§ WHAT THE TASK ASKS
Write out only the opening lines of the entries, through the line with "a factor vector".

(Records drawn from a dataset)
definition pctf_identifiable :: "nat \<Rightarrow> nat \<Rightarrow> nat \<Rightarrow> nat set set \<Rightarrow> bool" where
  "pctf_identifiable I M R T \<longleftrightarrow>
     (\<exists>N \<in> null_sets (PiM (pctf_idx I M R) (\<lambda>_. lborel)).
        \<forall>lam a. pctf_Theta I M R lam a \<and> pctf_coords I M R lam a \<notin> N \<longrightarrow>
          (\<forall>lam' a'. pctf_Theta I M R lam' a' \<and> pctf_mu I R T lam' a' = pctf_mu I R T lam a
             \<longrightarrow> pctf_block_perm I M R lam a lam' a'))"

end

theory Submission
  imports Defs
begin

text \<open>A row of ones in a CP factor is the marginalisation over one variable, and the last entry of
  a factor vector \<open>a m r\<close> is fixed by the others since it sums to \<open>1\<close>. Hence, stacking a row of
  ones on top of the first \<open>I - 1\<close> entries of the vectors \<open>a m r\<close>, \<open>m \<in> M\<^sub>g\<close>, gives three CP factors
  whose tensor is a linear function of the 3D marginals along the Cartesian coupling. Two
  parameters with the same \<open>\<mu>\<close> thus give two CP decompositions of one tensor; CP identifiability
  makes them agree up to permutation and scaling, the rows of ones fix the scalings, and the
  simplex constraints turn the permutation of rank-one terms into a permutation of the blocks.

  For genericity the rows of ones are replaced by generic nonzero constants \<open>\<alpha>\<close> and the total
  mass by a generic \<open>t \<noteq> 0\<close>, which multiplies the tensor by \<open>t\<close> and keeps uniqueness. The remaining CP coordinates are then a shear, rescaling and reindexing of the
  affine coordinates of \<open>\<theta>\<close>, so by Fubini the exceptional null set of the CP model pulls back
  to a null set.\<close>

abbreviation lborel_on :: "'i set \<Rightarrow> ('i \<Rightarrow> real) measure" where
  "lborel_on V \<equiv> PiM V (\<lambda>_. lborel)"

interpretation lborel_product: product_sigma_finite "\<lambda>_::'i. (lborel::real measure)"
  by standard

lemma AE_section_in_null_sets:
  assumes "finite U" "finite V" "U \<inter> V = {}" and N: "N \<in> null_sets (lborel_on (U \<union> V))"
  shows "AE u in lborel_on U. {v \<in> space (lborel_on V). merge U V (u, v) \<in> N} \<in> null_sets (lborel_on V)"
proof -
  have N_sets: "N \<in> sets (lborel_on (U \<union> V))"
    using N by auto
  let ?section = "\<lambda>u. (\<lambda>v. merge U V (u, v)) -` N \<inter> space (lborel_on V)"
  have "(\<integral>\<^sup>+u. emeasure (lborel_on V) (?section u) \<partial>lborel_on U) = 0"
    using null_setsD1[OF N] lborel_product.emeasure_fold_integral[OF assms(3,1,2) N_sets] by simp
  then have "AE u in lborel_on U. emeasure (lborel_on V) (?section u) = 0"
    using lborel_product.emeasure_fold_measurable[OF assms(3,1,2) N_sets]
    by (subst (asm) nn_integral_0_iff_AE) auto
  moreover have "?section u \<in> sets (lborel_on V)" if "u \<in> space (lborel_on U)" for u
    using that N_sets by (intro measurable_sets[OF measurable_Pair2[OF measurable_merge]]) auto
  ultimately show ?thesis
    by (elim AE_mp) (auto simp: null_sets_def vimage_def Int_def conj_commute)
qed

lemma AE_lborel_on_coordinates_nonzero:
  assumes "finite U"
  shows "AE u in lborel_on U. \<forall>j\<in>U. u j \<noteq> 0"
proof (subst AE_finite_all[OF assms], intro ballI AE_I')
  fix j assume j: "j \<in> U"
  let ?A = "\<lambda>i. if i = j then {0::real} else UNIV"
  show "{u \<in> space (lborel_on U). \<not> u j \<noteq> 0} \<subseteq> PiE U ?A"
    by (auto simp: space_PiM PiE_iff extensional_def)
  have "emeasure (lborel_on U) (PiE U ?A) = (\<Prod>i\<in>U. emeasure lborel (?A i))"
    using assms by (intro lborel_product.emeasure_PiM) auto
  also have "\<dots> = 0"
    using assms j by (intro prod_zero[of U]) (auto intro!: bexI[of _ j])
  finally show "PiE U ?A \<in> null_sets (lborel_on U)"
    using assms by (auto intro!: sets_PiM_I_finite)
qed

lemma AE_lborel_on_imp_ex:
  assumes "finite U" "AE u in lborel_on U. P u"
  shows "\<exists>u\<in>space (lborel_on U). P u"
proof (rule ccontr)
  assume "\<not> ?thesis"
  with assms(2) have "AE u in lborel_on U. False"
    by (auto elim: AE_mp)
  then have "emeasure (lborel_on U) (space (lborel_on U)) = 0"
    using ae_filter_eq_bot_iff trivial_limit_def by auto
  moreover have "emeasure (lborel_on U) (space (lborel_on U)) = (\<Prod>i\<in>U. emeasure lborel (UNIV::real set))"
    using assms by (subst space_PiM, subst lborel_product.emeasure_PiM) (auto simp: space_PiM)
  ultimately show False
    by (simp add: assms)
qed

lemma exists_nonzero_null_section:
  assumes "finite U" "finite V" "U \<inter> V = {}" "N \<in> null_sets (lborel_on (U \<union> V))"
  obtains u where "u \<in> space (lborel_on U)" "\<forall>j\<in>U. u j \<noteq> 0"
    and "{v \<in> space (lborel_on V). merge U V (u, v) \<in> N} \<in> null_sets (lborel_on V)"
proof -
  have "AE u in lborel_on U. (\<forall>j\<in>U. u j \<noteq> 0) \<and>
      {v \<in> space (lborel_on V). merge U V (u, v) \<in> N} \<in> null_sets (lborel_on V)"
    using AE_lborel_on_coordinates_nonzero[OF assms(1)] AE_section_in_null_sets[OF assms]
    by eventually_elim auto
  with AE_lborel_on_imp_ex[OF assms(1)] that show ?thesis
    by blast
qed

lemma measurable_shear:
  assumes "l \<in> V" and [measurable]: "h \<in> borel_measurable (lborel_on V)"
  shows "(\<lambda>x. x(l := a * x l + h x)) \<in> measurable (lborel_on V) (lborel_on V)"
proof -
  have "(\<lambda>x i. if i = l then a * x l + h x else x i) \<in> measurable (lborel_on V) (lborel_on V)"
  proof (rule measurable_PiM_single')
    show "(\<lambda>x. if i = l then a * x l + h x else x i) \<in> measurable (lborel_on V) lborel" if "i \<in> V" for i
      unfolding measurable_lborel2 using that assms(1) by (cases "i = l") simp_all
  qed (use assms(1) in \<open>auto simp: space_PiM PiE_iff extensional_def\<close>)
  then show ?thesis
    by (simp add: fun_upd_def)
qed

lemma borel_measurable_nn_integral_fun_upd:
  assumes "l \<notin> V" and f[measurable]: "f \<in> borel_measurable (lborel_on (insert l V))"
  shows "(\<lambda>x. \<integral>\<^sup>+y. f (x(l := y)) \<partial>lborel) \<in> borel_measurable (lborel_on V)"
proof -
  have "(\<lambda>p i. if i = l then snd p else fst p i)
      \<in> measurable (lborel_on V \<Otimes>\<^sub>M lborel) (lborel_on (insert l V))"
  proof (rule measurable_PiM_single')
    show "(\<lambda>p. if i = l then snd p else fst p i) \<in> measurable (lborel_on V \<Otimes>\<^sub>M lborel) lborel"
      if "i \<in> insert l V" for i
      unfolding measurable_lborel2 using that by (cases "i = l") auto
  qed (use assms(1) in
      \<open>auto simp: space_pair_measure space_PiM PiE_iff extensional_def split: if_splits\<close>)
  then have [measurable]:
    "(\<lambda>(x, y). x(l := y)) \<in> measurable (lborel_on V \<Otimes>\<^sub>M lborel) (lborel_on (insert l V))"
    by (simp add: fun_upd_def case_prod_beta)
  show ?thesis
    by (rule lborel.borel_measurable_nn_integral) measurable
qed

lemma nn_integral_fun_upd_affine:
  assumes "l \<notin> V" "x \<in> space (lborel_on V)" "N \<in> sets (lborel_on (insert l V))" "a \<noteq> 0"
  shows "(\<integral>\<^sup>+y. indicator N (x(l := b + a * y)) \<partial>lborel)
    = ennreal (1 / \<bar>a\<bar>) * (\<integral>\<^sup>+y. indicator N (x(l := y)) \<partial>lborel)"
proof -
  have "(\<lambda>y. x(l := y)) \<in> measurable lborel (lborel_on (insert l V))"
    using measurable_component_update[OF assms(2,1)] by simp
  from measurable_compose[OF this borel_measurable_indicator[OF assms(3)]]
  have "(\<lambda>y. indicator N (x(l := y)) :: ennreal) \<in> borel_measurable borel"
    by simp
  from nn_integral_real_affine[OF this assms(4), of b] assms(4) show ?thesis
    by (simp add: mult.assoc[symmetric] ennreal_mult[symmetric])
qed

lemma null_sets_shear_preimage:
  assumes "finite V" "l \<in> V" "a \<noteq> 0"
    and h[measurable]: "h \<in> borel_measurable (lborel_on V)"
    and h_indep: "\<And>x y. h (x(l := y)) = h x"
    and N: "N \<in> null_sets (lborel_on V)"
  shows "{x \<in> space (lborel_on V). x(l := a * x l + h x) \<in> N} \<in> null_sets (lborel_on V)"
    (is "?B \<in> _")
proof -
  define V0 where "V0 = V - {l}"
  have V: "V = insert l V0" "l \<notin> V0" "finite V0"
    using assms(1,2) by (auto simp: V0_def)
  have N_sets [measurable]: "N \<in> sets (lborel_on V)"
    using N by auto
  have B_sets: "?B \<in> sets (lborel_on V)"
    using measurable_sets[OF measurable_shear[OF assms(2) h] N_sets]
    by (simp add: vimage_def Int_def conj_commute)
  have fiber: "(\<integral>\<^sup>+y. indicator ?B (x(l := y)) \<partial>lborel)
      = ennreal (1 / \<bar>a\<bar>) * (\<integral>\<^sup>+y. indicator N (x(l := y)) \<partial>lborel)"
    if x: "x \<in> space (lborel_on V0)" for x
  proof -
    have "indicator ?B (x(l := y)) = (indicator N (x(l := h x + a * y)) :: ennreal)" for y
      using x V by (auto simp: indicator_def h_indep add.commute space_PiM PiE_iff extensional_def)
    then show ?thesis
      using nn_integral_fun_upd_affine[OF V(2) x _ assms(3)] N_sets V(1) by simp
  qed
  have "emeasure (lborel_on V) ?B = (\<integral>\<^sup>+x. indicator ?B x \<partial>lborel_on V)"
    using B_sets by simp
  also have "\<dots> = (\<integral>\<^sup>+x. \<integral>\<^sup>+y. indicator ?B (x(l := y)) \<partial>lborel \<partial>lborel_on V0)"
    using B_sets V(2,3) unfolding V(1) by (intro lborel_product.product_nn_integral_insert) auto
  also have "\<dots> = (\<integral>\<^sup>+x. ennreal (1 / \<bar>a\<bar>) * (\<integral>\<^sup>+y. indicator N (x(l := y)) \<partial>lborel) \<partial>lborel_on V0)"
    using fiber by (intro nn_integral_cong) simp
  also have "\<dots> = ennreal (1 / \<bar>a\<bar>) * (\<integral>\<^sup>+x. \<integral>\<^sup>+y. indicator N (x(l := y)) \<partial>lborel \<partial>lborel_on V0)"
    using V N_sets by (intro nn_integral_cmult borel_measurable_nn_integral_fun_upd) auto
  also have "(\<integral>\<^sup>+x. \<integral>\<^sup>+y. indicator N (x(l := y)) \<partial>lborel \<partial>lborel_on V0)
      = (\<integral>\<^sup>+x. indicator N x \<partial>lborel_on V)"
    using lborel_product.product_nn_integral_insert[OF V(3,2), of "indicator N"] N_sets V(1) by simp
  also have "\<dots> = 0"
    using N_sets null_setsD1[OF N] by simp
  finally have "emeasure (lborel_on V) ?B = 0"
    by (simp only: mult_zero_right)
  with B_sets show ?thesis
    by (simp only: null_sets_def mem_Collect_eq)
qed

§ RESPONSE TO THE TASK
definition pctf_identifiable :: "nat \<Rightarrow> nat \<Rightarrow> nat \<Rightarrow> nat set set \<Rightarrow> bool" where
  "pctf_identifiable I M R T \<longleftrightarrow>
     (\<exists>N \<in> null_sets (PiM (pctf_idx I M R) (\<lambda>_. lborel)).
        \<forall>lam a. pctf_Theta I M R lam a \<and> pctf_coords I M R lam a \<notin> N \<longrightarrow>
          (\<forall>lam' a'. pctf_Theta I M R lam' a' \<and> pctf_mu I R T lam' a' = pctf_mu I R T lam a
             \<longrightarrow> pctf_block_perm I M R lam a lam' a'))"

end

theory Submission
  imports Defs
begin

text \<open>A row of ones in a CP factor is the marginalisation over one variable, and the last entry of
  a factor vector \<open>a m r\<close> is fixed by the others since it sums to \<open>1\<close>. Hence, stacking a row of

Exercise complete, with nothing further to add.